Joshua Schwimmer. Josh was the first nephrology blogger. I had been a long time reader for years before following his trail and starting Precious Bodily Fluids. And after a few months, Joshua gave me my first link and turned the microphone on. Thanks Josh.

The Collaborators


PBFluids and @Kidney_Boy stand apart as the only signifigant projects I have done alone. Everything else of significance has been done with a collaborator, co-author, or co-creator. This is an indisputable case of "I couldn't have done it alone."

Sarah Faubel as a co-author on the Microbiology Companion and The Fluid Electrolyte and Acid Base Companion

Joel Smith as co-creator of Alert and Oriented Publishing

Burke Mamlin for the work on Kidometer

Kenar Jhaveri for choosing me to be part of AJKDblog

Matt Sparks for NephMadness, DreamRCT, NSMC

Swapnil Hiremath for NephJC, NSMC

Edgar Lerma for Nephrology Secrets

Anna Burgner and Tim Yau for NephMadness

The Crew


#NephTwitter is a colorful and engaging place with an always on conversation anchored by people around the world. Here are a few of the people that populate that community.

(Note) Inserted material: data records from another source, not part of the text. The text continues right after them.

(* Let $C$ be a globularily generated double category and let $\Phi,\Psi$ be horizontally composable 2-morphisms of $C$ (i.e. $t\Phi=s\Psi$). Then the horizontal composite $\Psi\ast\Phi$ is globular if and only if both $\Phi$ and $\Psi$ are globular.
   Context: Double categories are not assumed strict: $C_0$ (objects and vertical morphisms), $C_1$ (horizontal morphisms and 2-morphisms), source and target functors $s,t:C_1\to C_0$, horizontal identity $i$, horizontal composition $\ast$, with unitor and associator components globular. A 2-morphism $\Phi$ is globular if $s\Phi$ and $t\Phi$ are identity vertical morphisms. $C$ is globularily generated if the smallest sub-double category of $C$ containing all objects, vertical morphisms, horizontal morphisms and globular 2-morphisms of $C$ is $C$ itself. *)

theory Defs
  imports Main
begin

text \<open>A (not necessarily strict, i.e. pseudo) double category, given by explicit data.
  C0: objects Ob, vertical morphisms VM (composition vcomp g f = g o f).
  C1: horizontal morphisms HM as objects, 2-morphisms TM as morphisms
      (vertical composition mcomp Y X = Y o X, identities mid).
  Source/target functors s,t : C1 -> C0 are (hsrc,msrc), (htgt,mtgt).
  Horizontal identity functor i : C0 -> C1 is (hunit, munit).
  Horizontal composition: hhcomp k h = k * h (defined when htgt h = hsrc k),
      mhcomp Y X = Y * X (defined when mtgt X = msrc Y).\<close>

record ('o,'v,'h,'m) dcat =
  Ob :: "'o set"
  VM :: "'v set"
  vdom :: "'v \<Rightarrow> 'o"
  vcod :: "'v \<Rightarrow> 'o"
  vcomp :: "'v \<Rightarrow> 'v \<Rightarrow> 'v"
  vid :: "'o \<Rightarrow> 'v"
  HM :: "'h set"
  TM :: "'m set"
  mdom :: "'m \<Rightarrow> 'h"
  mcod :: "'m \<Rightarrow> 'h"
  mcomp :: "'m \<Rightarrow> 'm \<Rightarrow> 'm"
  mid :: "'h \<Rightarrow> 'm"
  hsrc :: "'h \<Rightarrow> 'o"
  htgt :: "'h \<Rightarrow> 'o"
  msrc :: "'m \<Rightarrow> 'v"
  mtgt :: "'m \<Rightarrow> 'v"
  hunit :: "'o \<Rightarrow> 'h"
  munit :: "'v \<Rightarrow> 'm"
  hhcomp :: "'h \<Rightarrow> 'h \<Rightarrow> 'h"
  mhcomp :: "'m \<Rightarrow> 'm \<Rightarrow> 'm"
  lunit :: "'h \<Rightarrow> 'm"
  runit :: "'h \<Rightarrow> 'm"
  assoc :: "'h \<Rightarrow> 'h \<Rightarrow> 'h \<Rightarrow> 'm"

Tom Oates, Roger Rodby, Paul Phelan, Michelle Rheault, Francesco Iannuzzella, Hector Madariaga, Graham Abra, Nikhil Shah, Matt Graham-Brown, Ian Logan, Scherly Leon, Dearbhla Kelly, Silvi Shah, David Goldfarb, Richard McCrory, F. Perry Wilson, Raymond Hsu, Benjamin Stewart, Brian Stotter.

The Enablers


My partners at St Clair Specialty have been involuntary partners on this journey and have been great. St Clair Specialty is a practice that values people that contribute to nephrology. This was clear from past CEO, Robert Provenzano, who was a major contributor to nephrology as a scientist and president of the RPA. And it is also clear with Keith Bellovich, RPA board member and chief of nephrology at St John Hospital and Medical Center. At a more single minded-practice, I could not have contributed to nephrology education as I have.

And lastly, and most importantly, I could never have contributed to medical education without my family. I need to thank the eternal patience and understanding of my wife, Cathy, and my kids, Laura and Simon Topf. Thank-you.